━━ RECORD SET ━━

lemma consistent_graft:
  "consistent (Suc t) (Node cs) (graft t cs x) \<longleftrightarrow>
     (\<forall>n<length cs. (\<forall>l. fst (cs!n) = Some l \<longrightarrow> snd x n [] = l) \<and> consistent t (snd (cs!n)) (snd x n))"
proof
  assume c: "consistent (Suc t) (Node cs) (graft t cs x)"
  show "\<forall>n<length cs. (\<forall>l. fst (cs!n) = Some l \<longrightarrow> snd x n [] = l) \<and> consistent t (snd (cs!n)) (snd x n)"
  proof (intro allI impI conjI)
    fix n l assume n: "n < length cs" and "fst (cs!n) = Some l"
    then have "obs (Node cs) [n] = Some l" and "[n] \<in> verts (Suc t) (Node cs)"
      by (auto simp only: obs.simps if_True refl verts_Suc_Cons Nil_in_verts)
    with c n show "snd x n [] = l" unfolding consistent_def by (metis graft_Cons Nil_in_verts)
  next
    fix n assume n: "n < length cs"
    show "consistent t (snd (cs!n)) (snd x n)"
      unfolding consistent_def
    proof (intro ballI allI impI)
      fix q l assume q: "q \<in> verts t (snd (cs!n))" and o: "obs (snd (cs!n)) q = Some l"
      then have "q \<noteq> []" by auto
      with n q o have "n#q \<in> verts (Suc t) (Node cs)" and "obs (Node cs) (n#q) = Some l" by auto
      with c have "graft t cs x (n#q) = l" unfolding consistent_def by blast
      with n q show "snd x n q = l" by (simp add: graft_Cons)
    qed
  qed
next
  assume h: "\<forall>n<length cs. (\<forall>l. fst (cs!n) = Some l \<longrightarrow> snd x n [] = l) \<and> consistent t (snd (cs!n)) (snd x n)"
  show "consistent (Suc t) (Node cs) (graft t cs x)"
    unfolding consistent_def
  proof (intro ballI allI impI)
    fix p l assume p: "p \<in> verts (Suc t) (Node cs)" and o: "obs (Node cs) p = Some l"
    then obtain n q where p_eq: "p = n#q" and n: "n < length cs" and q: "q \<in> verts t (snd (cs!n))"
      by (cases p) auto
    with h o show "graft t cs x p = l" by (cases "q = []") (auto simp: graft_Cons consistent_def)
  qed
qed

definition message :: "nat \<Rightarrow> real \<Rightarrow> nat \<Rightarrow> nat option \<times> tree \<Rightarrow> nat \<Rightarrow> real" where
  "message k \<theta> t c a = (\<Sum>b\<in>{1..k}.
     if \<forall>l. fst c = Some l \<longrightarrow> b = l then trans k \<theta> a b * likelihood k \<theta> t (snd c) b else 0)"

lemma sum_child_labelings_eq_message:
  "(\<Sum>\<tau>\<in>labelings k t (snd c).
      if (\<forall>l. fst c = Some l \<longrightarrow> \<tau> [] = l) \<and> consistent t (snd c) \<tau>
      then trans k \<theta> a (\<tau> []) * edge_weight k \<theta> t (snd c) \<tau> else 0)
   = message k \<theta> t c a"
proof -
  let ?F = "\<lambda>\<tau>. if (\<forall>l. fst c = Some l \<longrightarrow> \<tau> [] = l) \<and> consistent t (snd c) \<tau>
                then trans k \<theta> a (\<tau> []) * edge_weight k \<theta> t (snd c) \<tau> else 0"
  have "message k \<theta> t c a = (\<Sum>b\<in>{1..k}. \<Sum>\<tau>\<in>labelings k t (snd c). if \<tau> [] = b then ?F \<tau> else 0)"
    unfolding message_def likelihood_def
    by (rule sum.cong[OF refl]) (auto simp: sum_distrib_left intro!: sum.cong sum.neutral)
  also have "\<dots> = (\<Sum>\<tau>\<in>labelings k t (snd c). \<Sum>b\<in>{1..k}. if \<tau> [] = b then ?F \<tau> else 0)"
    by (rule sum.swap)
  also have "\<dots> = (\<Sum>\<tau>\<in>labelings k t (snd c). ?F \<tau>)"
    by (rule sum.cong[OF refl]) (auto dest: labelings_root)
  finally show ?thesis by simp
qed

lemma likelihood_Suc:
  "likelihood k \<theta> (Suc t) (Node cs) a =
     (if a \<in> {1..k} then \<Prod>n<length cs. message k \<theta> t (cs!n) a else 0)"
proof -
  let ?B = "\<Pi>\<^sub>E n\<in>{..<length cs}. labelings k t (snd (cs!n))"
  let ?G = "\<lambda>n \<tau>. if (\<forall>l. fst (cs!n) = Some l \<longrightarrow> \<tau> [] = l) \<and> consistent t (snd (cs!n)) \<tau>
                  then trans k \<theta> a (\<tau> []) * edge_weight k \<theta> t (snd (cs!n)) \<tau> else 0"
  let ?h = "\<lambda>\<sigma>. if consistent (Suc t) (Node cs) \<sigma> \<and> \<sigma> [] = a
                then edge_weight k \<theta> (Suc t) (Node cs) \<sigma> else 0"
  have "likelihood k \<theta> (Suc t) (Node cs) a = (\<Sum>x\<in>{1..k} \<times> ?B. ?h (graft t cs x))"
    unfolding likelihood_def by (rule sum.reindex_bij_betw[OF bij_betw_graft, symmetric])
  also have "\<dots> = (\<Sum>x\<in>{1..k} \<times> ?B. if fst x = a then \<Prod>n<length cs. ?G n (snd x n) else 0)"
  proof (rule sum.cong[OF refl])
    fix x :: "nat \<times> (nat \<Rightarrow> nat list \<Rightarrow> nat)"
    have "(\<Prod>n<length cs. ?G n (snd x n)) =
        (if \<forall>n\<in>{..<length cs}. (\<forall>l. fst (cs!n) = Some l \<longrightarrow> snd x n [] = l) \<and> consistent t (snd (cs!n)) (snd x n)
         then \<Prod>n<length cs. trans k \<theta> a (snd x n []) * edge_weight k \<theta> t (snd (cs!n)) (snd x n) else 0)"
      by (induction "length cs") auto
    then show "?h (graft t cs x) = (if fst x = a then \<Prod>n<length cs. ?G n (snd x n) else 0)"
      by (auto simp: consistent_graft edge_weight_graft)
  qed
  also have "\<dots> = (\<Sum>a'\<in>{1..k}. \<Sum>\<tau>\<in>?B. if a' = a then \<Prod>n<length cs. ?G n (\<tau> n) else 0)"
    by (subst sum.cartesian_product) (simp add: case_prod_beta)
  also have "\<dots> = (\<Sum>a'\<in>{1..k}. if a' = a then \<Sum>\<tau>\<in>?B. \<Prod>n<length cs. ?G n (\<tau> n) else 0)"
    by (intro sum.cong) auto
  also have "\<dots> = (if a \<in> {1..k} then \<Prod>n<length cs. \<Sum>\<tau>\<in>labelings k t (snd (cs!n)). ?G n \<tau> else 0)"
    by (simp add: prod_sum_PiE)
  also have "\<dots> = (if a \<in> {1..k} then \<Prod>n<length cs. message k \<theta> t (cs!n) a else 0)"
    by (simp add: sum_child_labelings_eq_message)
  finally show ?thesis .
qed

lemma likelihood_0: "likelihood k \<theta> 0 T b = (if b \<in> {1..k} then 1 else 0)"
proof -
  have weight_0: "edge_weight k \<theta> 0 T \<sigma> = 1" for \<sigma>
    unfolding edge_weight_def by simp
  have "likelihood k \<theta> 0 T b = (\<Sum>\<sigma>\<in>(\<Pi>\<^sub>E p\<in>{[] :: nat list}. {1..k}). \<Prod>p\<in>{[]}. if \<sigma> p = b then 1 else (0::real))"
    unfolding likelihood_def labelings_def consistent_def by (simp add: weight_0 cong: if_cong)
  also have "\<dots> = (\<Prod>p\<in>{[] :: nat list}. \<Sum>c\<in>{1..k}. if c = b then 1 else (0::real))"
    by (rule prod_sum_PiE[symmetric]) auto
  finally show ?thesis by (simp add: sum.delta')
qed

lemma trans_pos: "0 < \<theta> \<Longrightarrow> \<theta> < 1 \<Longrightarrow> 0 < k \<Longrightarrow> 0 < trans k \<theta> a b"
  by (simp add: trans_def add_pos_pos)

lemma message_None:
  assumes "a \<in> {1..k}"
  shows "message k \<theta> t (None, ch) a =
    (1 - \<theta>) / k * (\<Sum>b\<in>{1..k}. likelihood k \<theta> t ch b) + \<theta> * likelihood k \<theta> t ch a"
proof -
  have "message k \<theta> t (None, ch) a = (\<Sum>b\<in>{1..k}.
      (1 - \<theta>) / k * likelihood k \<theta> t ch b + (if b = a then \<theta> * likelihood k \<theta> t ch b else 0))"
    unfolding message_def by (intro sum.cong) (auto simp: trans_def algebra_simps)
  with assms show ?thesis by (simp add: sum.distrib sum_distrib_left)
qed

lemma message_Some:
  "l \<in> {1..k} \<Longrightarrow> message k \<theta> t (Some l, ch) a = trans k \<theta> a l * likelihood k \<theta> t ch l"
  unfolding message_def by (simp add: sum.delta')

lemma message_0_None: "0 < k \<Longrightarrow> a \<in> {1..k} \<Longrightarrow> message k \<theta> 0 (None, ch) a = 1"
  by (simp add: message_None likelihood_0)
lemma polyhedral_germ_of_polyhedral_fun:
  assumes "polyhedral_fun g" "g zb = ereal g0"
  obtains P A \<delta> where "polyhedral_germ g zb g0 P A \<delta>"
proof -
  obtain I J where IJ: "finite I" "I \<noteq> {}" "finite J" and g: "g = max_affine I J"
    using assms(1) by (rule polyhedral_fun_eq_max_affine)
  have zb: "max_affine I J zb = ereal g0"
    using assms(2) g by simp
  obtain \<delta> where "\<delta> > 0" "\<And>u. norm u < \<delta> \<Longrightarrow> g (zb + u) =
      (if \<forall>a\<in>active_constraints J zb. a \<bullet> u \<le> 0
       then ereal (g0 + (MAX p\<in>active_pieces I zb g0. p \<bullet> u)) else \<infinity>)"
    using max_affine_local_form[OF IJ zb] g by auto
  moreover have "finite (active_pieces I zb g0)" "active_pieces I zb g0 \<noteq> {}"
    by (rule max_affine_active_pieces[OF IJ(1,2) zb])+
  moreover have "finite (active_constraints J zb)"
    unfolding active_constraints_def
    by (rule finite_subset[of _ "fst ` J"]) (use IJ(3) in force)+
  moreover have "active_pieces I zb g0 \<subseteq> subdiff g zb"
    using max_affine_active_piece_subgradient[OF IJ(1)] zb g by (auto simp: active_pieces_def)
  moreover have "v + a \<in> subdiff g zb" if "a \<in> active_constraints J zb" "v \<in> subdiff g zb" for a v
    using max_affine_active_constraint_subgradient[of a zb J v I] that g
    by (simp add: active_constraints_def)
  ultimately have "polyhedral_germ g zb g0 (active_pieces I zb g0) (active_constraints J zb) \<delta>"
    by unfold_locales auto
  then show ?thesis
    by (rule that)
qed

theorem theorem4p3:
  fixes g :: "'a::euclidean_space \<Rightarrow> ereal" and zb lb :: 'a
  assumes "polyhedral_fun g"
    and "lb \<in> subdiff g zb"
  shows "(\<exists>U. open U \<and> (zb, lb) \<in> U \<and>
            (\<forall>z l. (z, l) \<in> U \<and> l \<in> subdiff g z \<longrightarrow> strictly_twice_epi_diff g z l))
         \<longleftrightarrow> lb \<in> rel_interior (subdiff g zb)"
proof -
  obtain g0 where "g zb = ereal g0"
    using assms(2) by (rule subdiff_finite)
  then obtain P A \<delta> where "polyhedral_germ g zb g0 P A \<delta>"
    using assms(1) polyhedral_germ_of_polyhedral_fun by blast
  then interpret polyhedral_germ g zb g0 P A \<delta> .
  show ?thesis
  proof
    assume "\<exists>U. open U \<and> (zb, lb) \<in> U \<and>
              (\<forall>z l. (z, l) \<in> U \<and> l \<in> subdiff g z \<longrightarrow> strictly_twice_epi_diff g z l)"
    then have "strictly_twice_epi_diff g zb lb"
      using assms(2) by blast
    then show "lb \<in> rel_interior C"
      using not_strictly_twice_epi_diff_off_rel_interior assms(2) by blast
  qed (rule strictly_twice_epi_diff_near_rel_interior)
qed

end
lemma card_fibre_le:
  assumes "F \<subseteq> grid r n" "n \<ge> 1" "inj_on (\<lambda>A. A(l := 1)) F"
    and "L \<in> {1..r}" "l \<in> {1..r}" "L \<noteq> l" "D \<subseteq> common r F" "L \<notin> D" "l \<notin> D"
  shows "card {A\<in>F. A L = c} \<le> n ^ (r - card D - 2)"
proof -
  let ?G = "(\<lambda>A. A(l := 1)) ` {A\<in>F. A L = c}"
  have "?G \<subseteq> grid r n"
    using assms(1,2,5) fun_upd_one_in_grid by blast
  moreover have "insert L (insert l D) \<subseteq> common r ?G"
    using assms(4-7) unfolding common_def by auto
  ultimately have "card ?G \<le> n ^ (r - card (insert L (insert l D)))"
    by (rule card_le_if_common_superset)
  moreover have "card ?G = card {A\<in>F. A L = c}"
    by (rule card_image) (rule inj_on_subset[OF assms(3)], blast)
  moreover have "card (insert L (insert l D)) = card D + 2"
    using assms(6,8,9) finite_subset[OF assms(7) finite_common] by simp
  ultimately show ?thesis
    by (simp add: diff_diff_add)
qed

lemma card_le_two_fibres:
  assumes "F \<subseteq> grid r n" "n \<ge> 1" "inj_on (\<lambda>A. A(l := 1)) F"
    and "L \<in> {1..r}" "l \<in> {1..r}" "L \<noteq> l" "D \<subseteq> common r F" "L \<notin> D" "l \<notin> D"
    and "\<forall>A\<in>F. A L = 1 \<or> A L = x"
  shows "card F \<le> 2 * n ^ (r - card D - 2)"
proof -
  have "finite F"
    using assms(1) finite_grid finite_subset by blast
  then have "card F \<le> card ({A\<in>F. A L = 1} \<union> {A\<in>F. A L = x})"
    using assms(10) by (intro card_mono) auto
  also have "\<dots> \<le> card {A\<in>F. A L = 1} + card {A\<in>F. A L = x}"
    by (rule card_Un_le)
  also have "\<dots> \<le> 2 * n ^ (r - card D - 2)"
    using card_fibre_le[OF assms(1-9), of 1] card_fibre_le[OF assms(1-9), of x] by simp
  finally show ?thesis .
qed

━━━

**YOUR GOAL**:
Quote, with nothing altered, all lines from the start of the entries to the line that carries "with n q o have", inclusive.

**RESPONSE**:
lemma consistent_graft:
  "consistent (Suc t) (Node cs) (graft t cs x) \<longleftrightarrow>
     (\<forall>n<length cs. (\<forall>l. fst (cs!n) = Some l \<longrightarrow> snd x n [] = l) \<and> consistent t (snd (cs!n)) (snd x n))"
proof
  assume c: "consistent (Suc t) (Node cs) (graft t cs x)"
  show "\<forall>n<length cs. (\<forall>l. fst (cs!n) = Some l \<longrightarrow> snd x n [] = l) \<and> consistent t (snd (cs!n)) (snd x n)"
  proof (intro allI impI conjI)
    fix n l assume n: "n < length cs" and "fst (cs!n) = Some l"
    then have "obs (Node cs) [n] = Some l" and "[n] \<in> verts (Suc t) (Node cs)"
      by (auto simp only: obs.simps if_True refl verts_Suc_Cons Nil_in_verts)
    with c n show "snd x n [] = l" unfolding consistent_def by (metis graft_Cons Nil_in_verts)
  next
    fix n assume n: "n < length cs"
    show "consistent t (snd (cs!n)) (snd x n)"
      unfolding consistent_def
    proof (intro ballI allI impI)
      fix q l assume q: "q \<in> verts t (snd (cs!n))" and o: "obs (snd (cs!n)) q = Some l"
      then have "q \<noteq> []" by auto
      with n q o have "n#q \<in> verts (Suc t) (Node cs)" and "obs (Node cs) (n#q) = Some l" by auto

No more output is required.